As regards how often I do this: I go through periods where I do it a lot (sometimes several times in a week), and then months where I don't do it at all. I do it thematically (i.e., with closely related papers), so I've never tried doing something like what you suggest with the arXiv's recent papers. They're usually not all that closely connected.


I approach this in the same pattern. There are some technological tricks that have recently made it much easier, though.

In addition to Arxiv and preprints I can find online, there's Google Scholar and Amazon Previews (I'm still missing many journal articles, especially in engineering, due to a lack of university access, luckily they're often compiled in journals on Amazon). By flipping through Amazon's book previews using the search feature, I can read an arbitrary number of pages in any given book, and the world's library is at my lap. I can then 'photocopy' the relevant/interesting sections using ctrl-shift-command-4 on my Mac, and paste them into my Evernote.
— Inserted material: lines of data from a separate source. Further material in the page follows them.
lemma code_agree_box_iff:
  assumes "code_distinct c1" "code_distinct c2"
  shows "code_agree_box n c1 c2 \<longleftrightarrow>
    (\<forall>p\<in>pos_box n. \<exists>v. pattern_of_code c1 p = Some v \<and> pattern_of_code c2 p = Some v)"
proof -
  let ?l1 = "list_decode c1" and ?l2 = "list_decode c2"
  have "code_agree_box n c1 c2 \<longleftrightarrow> (\<forall>a<n. \<forall>b<n. \<exists>t<length ?l1. \<exists>t2<length ?l2.
      entry_x (?l1 ! t) = a \<and> entry_y (?l1 ! t) = b \<and> ?l1 ! t = ?l2 ! t2)"
    unfolding code_agree_box_def code_ex_entry_pair by (simp add: code_nth_eq_nth cong: conj_cong)
  also have "\<dots> \<longleftrightarrow> (\<forall>a<n. \<forall>b<n. \<exists>t<length ?l1. \<exists>t2<length ?l2.
      entry_pos (?l1 ! t) = (int_decode a, int_decode b) \<and> ?l1 ! t = ?l2 ! t2)"
    by (simp add: entry_pos_def int_decode_eq)
  finally show ?thesis unfolding ball_pos_box common_binding_iff[OF assms] .
qed

lemma code_differ_iff:
  assumes "code_distinct c1" "code_distinct c2"
  shows "code_differ c1 c2 \<longleftrightarrow>
    (\<exists>p v1 v2. pattern_of_code c1 p = Some v1 \<and> pattern_of_code c2 p = Some v2 \<and> v1 \<noteq> v2)"
proof -
  let ?l1 = "list_decode c1" and ?l2 = "list_decode c2"
  have "code_differ c1 c2 \<longleftrightarrow> (\<exists>t<length ?l1. \<exists>t2<length ?l2.
      entry_pos (?l1 ! t) = entry_pos (?l2 ! t2) \<and> entry_sym (?l1 ! t) \<noteq> entry_sym (?l2 ! t2))"
    unfolding code_differ_def code_ex_entry_pair
    by (simp add: code_nth_eq_nth same_pos_iff cong: conj_cong)
  also have "\<dots> \<longleftrightarrow> (\<exists>p v1 v2. pattern_of_code c1 p = Some v1 \<and> pattern_of_code c2 p = Some v2 \<and> v1 \<noteq> v2)"
    unfolding pattern_of_distinct_code[OF assms(1)] pattern_of_distinct_code[OF assms(2)]
    by (auto simp: decode_entry_eq; metis prod.collapse)
  finally show ?thesis .
qed

definition witness_code :: "nat \<Rightarrow> nat \<Rightarrow> nat \<Rightarrow> nat \<Rightarrow> bool" where
  "witness_code x n c1 c2 \<longleftrightarrow> code_distinct c1 \<and> code_distinct c2 \<and>
     code_sub x c1 \<and> code_agree_box n c1 c2 \<and> code_differ c1 c2"

lemma witness_code_iff:
  "witness_code x n c1 c2 \<longleftrightarrow> code_distinct c1 \<and> code_distinct c2 \<and>
     limit_witness (pattern_of_code x) n (pattern_of_code c1) (pattern_of_code c2)"
  unfolding witness_code_def limit_witness_def
  by (simp add: code_sub_iff code_agree_box_iff code_differ_iff cong: conj_cong)

lemma PRP_witness_code:
  "PRP 3 (\<lambda>e. witness_code (e 0) (e 1) (fst (prod_decode (e 2))) (snd (prod_decode (e 2))))"
  unfolding witness_code_def code_distinct_def code_sub_def code_agree_box_def code_differ_def
    same_pos_def numeral_3_eq_3
  by (intro PRP_and PRP_or PRP_not PRP_imp PRP_all PRP_ex PRP_eq PRP_less PRe_code_nth PRe_code_drop
      PRe_entry_x PRe_entry_y PRe_entry_sym PRe_prod_decode PRe_var PRe_zero; simp)



lemma derived_iff_codes:
  assumes "subshift S X"
  shows "occurs_in_shift (pattern_of_code x) (derived X) \<longleftrightarrow>
    (\<forall>n. \<exists>c1 c2. witness_code x n c1 c2 \<and>
       pattern_of_code c1 \<in> language X \<and> pattern_of_code c2 \<in> language X)"
  unfolding derived_iff_witnesses[OF assms is_pattern_of_code] witness_code_iff
proof (intro all_cong1 iffI)
  fix n
  assume "\<exists>R1\<in>language X. \<exists>R2\<in>language X. limit_witness (pattern_of_code x) n R1 R2"
  then obtain R1 R2 where R: "R1 \<in> language X" "R2 \<in> language X"
    "limit_witness (pattern_of_code x) n R1 R2" by blast
  obtain c1 c2 where "code_distinct c1" "pattern_of_code c1 = R1" "code_distinct c2" "pattern_of_code c2 = R2"
    using distinct_code_exists R(1,2) unfolding language_def is_pattern_def by (metis mem_Collect_eq)
  thus "\<exists>c1 c2. (code_distinct c1 \<and> code_distinct c2 \<and>
      limit_witness (pattern_of_code x) n (pattern_of_code c1) (pattern_of_code c2)) \<and>
      pattern_of_code c1 \<in> language X \<and> pattern_of_code c2 \<in> language X"
    using R by blast
qed blast

lemma alt_quant_cong:
  "(\<And>zs. length zs = length ys + k \<Longrightarrow> take (length ys) zs = ys \<Longrightarrow> R zs = R' zs) \<Longrightarrow>
   alt_quant b k R ys = alt_quant b k R' ys"
proof (induction k arbitrary: b ys)
  case (Suc k)
  have "alt_quant b' k R (ys @ [y]) = alt_quant b' k R' (ys @ [y])" for b' y
  proof (rule Suc.IH)
    fix zs assume zs: "length zs = length (ys @ [y]) + k" "take (length (ys @ [y])) zs = ys @ [y]"
    have "take (length ys) zs = ys"
      using zs(2) by (metis append_eq_conv_conj length_append_singleton take_take le_Suc_eq min_def)
    thus "R zs = R' zs" using zs(1) Suc.prems by simp
  qed
  thus ?case by (cases b) simp_all
qed simp
(* Let $p(\theta,\phi,y)$ be a joint density in the unknowns $(\theta,\phi)$ (with $y$ fixed), where $\theta=(\theta_0,\dots,\theta_K)$ is split into $K+1$ blocks. Let $(\mathcal{C},\mathcal{U})$ be a partition of $\{0,\dots,K\}$, write $\theta_{\mathcal{C}}=(\theta_k)_{k\in\mathcal{C}}$, $\theta_{\mathcal{U}}=(\theta_k)_{k\in\mathcal{U}}$, and consider the partially factorized family $$\mathcal{Q}_{PF}=\Big\{q:\ q(\theta,\phi)=q(\theta_{\mathcal{C}}\mid\theta_{\mathcal{U}})\Big[\prod_{k\in\mathcal{U}}q(\theta_k)\Big]q(\phi)\Big\}$$ and the objective (ELBO) $L(q)=\mathbb{E}_{q(\theta,\phi)}[\log p(\theta,\phi,y)-\log q(\theta,\phi)]$. Assume all integrals and expectations below are finite. Then the coordinate-wise maximizers of $L$ over $\mathcal{Q}_{PF}$ are as follows: (i) for fixed $q(\theta)=q(\theta_{\mathcal{C}}\mid\theta_{\mathcal{U}})\prod_{k\in\mathcal{U}}q(\theta_k)$, the maximizer over $q(\phi)$ is $q(\phi)\propto\exp\{\mathbb{E}_{q(\theta)}[\log p(\theta,\phi,y)]\}$; (ii) for fixed $q(\phi)$ and fixed $q(\theta_k)$, $k\in\mathcal{U}$, the maximizer over the conditional factor $q(\theta_{\mathcal{C}}\mid\theta_{\mathcal{U}})$ is $$q(\theta_{\mathcal{C}}\mid\theta_{\mathcal{U}})=\frac{\exp\{\mathbb{E}_{q(\phi)}[\log p(\theta,\phi,y)]\}}{\int\exp\{\mathbb{E}_{q(\phi)}[\log p(\theta,\phi,y)]\}\,\mathrm{d}\theta_{\mathcal{C}}};$$ (iii) if $q(\theta_{\mathcal{C}}\mid\theta_{\mathcal{U}})$ is set as in (ii), then for $k\in\mathcal{U}$ and fixed $q(\phi)$ and $q(\theta_m)$, $m\in\mathcal{U}\setminus\{k\}$, the maximizer over $q(\theta_k)$ is $$q(\theta_k)\propto\exp\Big\{\mathbb{E}_{q(\theta_{\mathcal{U}\setminus k})}\Big[\log\int\exp\{\mathbb{E}_{q(\phi)}[\log p(\theta,\phi,y)]\}\,\mathrm{d}\theta_{\mathcal{C}}\Big]\Big\},$$ where $q(\theta_{\mathcal{U}\setminus k})=\prod_{m\in\mathcal{U},m\neq k}q(\theta_m)$.
   Context: Notation for blocks: $\mathcal{U}\setminus k$ denotes $\mathcal{U}$ with $k$ removed. The family $\mathcal{Q}_{PF}$ is the set of all joint densities over $(\theta,\phi)$ factorizing as displayed. When $\mathcal{C}=\emptyset$ this is the standard fully factorized mean-field family. *)

theory Defs
  imports "HOL-Analysis.Analysis"
begin

text \<open>The parameter vector theta = (theta_0,...,theta_K) is a function on the
index set {0..K}; block k takes values in the measure space M k (all blocks share the
carrier type 'a, but each has its own base measure).  All densities are densities with respect to these base measures
(product measures for several blocks).  The data y is fixed and suppressed: p theta phi
stands for p(theta,phi,y).\<close>

definition ThetaM :: "nat \<Rightarrow> (nat \<Rightarrow> 'a measure) \<Rightarrow> (nat \<Rightarrow> 'a) measure" where
  "ThetaM K M = PiM {0..K} M"
lemma not_solve_stops_0:
  assumes "0 < C" "\<forall>x\<in>{0<..1}. 1 \<le> g x"
  shows "\<not> solve_stops eps C g 0"
proof -
  have "C * 25^0 \<le> fobj eps C g (fst (solve_st eps C g 0)) - 1 / eps^2"
    using fobj_grid_ge[of g 0 C eps] assms(2) by simp
  then show ?thesis
    using solve_stops_iff[OF assms, where k = 0] by (meson not_le)
qed

lemma solve_iters_stops:
  assumes "0 < C" "\<forall>x\<in>{0<..1}. 1 \<le> g x"
  shows "solve_stops eps C g (solve_iters eps C g)"
  using solve_terminatesI[OF assms] unfolding solve_terminates_def solve_iters_def
  by (rule LeastI_ex)

lemma solve_iters_Suc:
  assumes "0 < C" "\<forall>x\<in>{0<..1}. 1 \<le> g x"
  obtains n where "solve_iters eps C g = Suc n" "\<not> solve_stops eps C g n"
proof -
  obtain n where n: "solve_iters eps C g = Suc n"
    using solve_iters_stops[OF assms, where eps = eps]
      not_solve_stops_0[OF assms, where eps = eps]
    by (cases "solve_iters eps C g") auto
  then have "\<not> solve_stops eps C g n"
    using not_less_Least[of n "solve_stops eps C g"] unfolding solve_iters_def by simp
  then show ?thesis
    using that n by simp
qed

lemma solve_opt_le_grid:
  assumes "0 < C" "\<forall>x\<in>{0<..1}. 1 \<le> g x"
  shows "fobj eps C g (solve_opt eps C g) \<le> fobj eps C g ((1/5)^j)"
  unfolding solve_opt_def by (rule solve_stops_fobj_le_grid[OF assms solve_iters_stops[OF assms]])

lemma solve_cost_le_grid:
  assumes "0 < C" "\<forall>x\<in>{0<..1}. 1 \<le> g x" "0 \<le> A"
    and cost: "\<And>k. cost ((1/5)^k) \<le> A * C * 25^k"
  shows "solve_cost cost eps C g \<le> A * (25 * fobj eps C g ((1/5)^j) + 23 * C) / 24"
proof -
  obtain n where n: "solve_iters eps C g = Suc n" "\<not> solve_stops eps C g n"
    using solve_iters_Suc[OF assms(1,2)] by blast
  have "0 \<le> 1 / eps^2"
    by simp
  then have last: "C * 25^n \<le> fobj eps C g ((1/5)^j)"
    using not_solve_stops_grid[OF assms(1,2) n(2), of j] by linarith
  have "solve_cost cost eps C g \<le> A * C + (\<Sum>k<Suc n. A * C * 25^k)"
    unfolding solve_cost_def n(1) using cost[of 0] by (intro add_mono sum_mono cost) simp_all
  also have "\<dots> = A * (25 * (C * 25^n) + 23 * C) / 24"
    by (simp add: sum_distrib_left[symmetric] sum_gp_strict field_simps)
  also have "\<dots> \<le> A * (25 * fobj eps C g ((1/5)^j) + 23 * C) / 24"
    using last assms(3) by (intro divide_right_mono mult_left_mono) simp_all
  finally show ?thesis .
qed
lemma (in scaleR_extension) dim_eq_card_if_basis_eqpoll_UNIV:
  assumes "hamel_basis sc H" "infinite H" "H \<approx> (UNIV :: 'a set)"
  shows "dim_eq_card sc emb"
proof (rule dim_eq_card.intro[OF scaleR_extension_axioms], rule dim_eq_card_axioms.intro)
  show "infinite (UNIV :: 'a set)"
    using assms(2) by (rule infinite_super[OF subset_UNIV])
  show "span P \<noteq> UNIV" if "|P| <o |UNIV :: 'a set|" for P
  proof
    assume "span P = UNIV"
    moreover have "independent H" "span H = UNIV"
      using assms(1) unfolding hamel_basis_def by simp_all
    ultimately have "H \<lesssim> P"
      using independent_lepoll_if_span_eq[of H P] by simp
    then have "|H| \<le>o |P|"
      unfolding lepoll_def card_of_ordLeq .
    moreover have "|UNIV :: 'a set| =o |H|"
      using assms(3) unfolding eqpoll_iff_card_of_ordIso by (rule ordIso_symmetric)
    ultimately have "|UNIV :: 'a set| \<le>o |P|"
      using ordIso_ordLeq_trans by blast
    with that show False
      using not_ordLess_ordLeq by blast
  qed
qed

lemma (in scaleR_extension) exists_connected_dense_bases_if_basis_eqpoll_UNIV:
  assumes "\<not> (\<exists>B. finite B \<and> hamel_basis sc B)" "{U::'a set. open U} \<approx> (UNIV :: 'a set)"
    and "hamel_basis sc H" "H \<approx> (UNIV :: 'a set)"
  shows "\<exists>\<B>::'a set set. \<B> \<approx> (UNIV :: 'a set set)
           \<and> (\<forall>B\<in>\<B>. hamel_basis sc B \<and> connected B \<and> locally connected B \<and> closure B = UNIV)"
proof -
  have "infinite H"
    using assms(1,3) by blast
  then interpret dim_eq_card sc emb
    by (rule dim_eq_card_if_basis_eqpoll_UNIV[OF assms(3) _ assms(4)])
  show ?thesis
    using exists_connected_dense_bases[OF eqpoll_imp_lepoll[OF assms(2)]] .
qed

lemma scaleR_extension_scaleR: "scaleR_extension (scaleR :: real \<Rightarrow> 'a::real_normed_vector \<Rightarrow> 'a) (\<lambda>r. r)"
  unfolding scaleR_extension_def scaleR_extension_axioms_def
  using real_vector.vector_space_axioms by simp

lemma scaleR_extension_if_complex_normed_structure:
  "complex_normed_structure sc \<Longrightarrow> scaleR_extension sc complex_of_real"
  unfolding complex_normed_structure_def scaleR_extension_def scaleR_extension_axioms_def by simp

theorem theorem2:
  shows "(\<not> (\<exists>B. finite B \<and> hamel_basis (scaleR :: real \<Rightarrow> 'a::real_normed_vector \<Rightarrow> 'a) B)
          \<and> {U::'a set. open U} \<approx> (UNIV :: 'a set)
          \<and> (\<exists>B. hamel_basis (scaleR :: real \<Rightarrow> 'a \<Rightarrow> 'a) B \<and> B \<approx> (UNIV :: 'a set))
          \<longrightarrow> (\<exists>\<B>::'a set set. \<B> \<approx> (UNIV :: 'a set set)
                \<and> (\<forall>B\<in>\<B>. hamel_basis (scaleR :: real \<Rightarrow> 'a \<Rightarrow> 'a) B \<and> connected B
                          \<and> locally connected B \<and> closure B = UNIV)))
   \<and> (\<forall>sc :: complex \<Rightarrow> 'b::real_normed_vector \<Rightarrow> 'b.
          complex_normed_structure sc
          \<and> \<not> (\<exists>B. finite B \<and> hamel_basis sc B)
          \<and> {U::'b set. open U} \<approx> (UNIV :: 'b set)
          \<and> (\<exists>B. hamel_basis sc B \<and> B \<approx> (UNIV :: 'b set))
          \<longrightarrow> (\<exists>\<B>::'b set set. \<B> \<approx> (UNIV :: 'b set set)
                \<and> (\<forall>B\<in>\<B>. hamel_basis sc B \<and> connected B
                          \<and> locally connected B \<and> closure B = UNIV)))"
  by (intro conjI allI impI; elim conjE exE;
      (rule scaleR_extension.exists_connected_dense_bases_if_basis_eqpoll_UNIV[OF
          scaleR_extension_scaleR]
      | rule scaleR_extension.exists_connected_dense_bases_if_basis_eqpoll_UNIV[OF
          scaleR_extension_if_complex_normed_structure]);
      assumption)

end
In this way I can locate and collate a large number of papers and texts, and organize them along the way without even dipping into LaTeX. After that, I can past those copies into Mathematica, which has a very workable equation typesetter, with the additional advantage of the equations being computable.

Lately I make a lot of use of Evernote, however, which I can pretty much paste anything into, and I can 'photocopy' any part of a text on the computer by using ctrl-shift-command-4 on my Mac.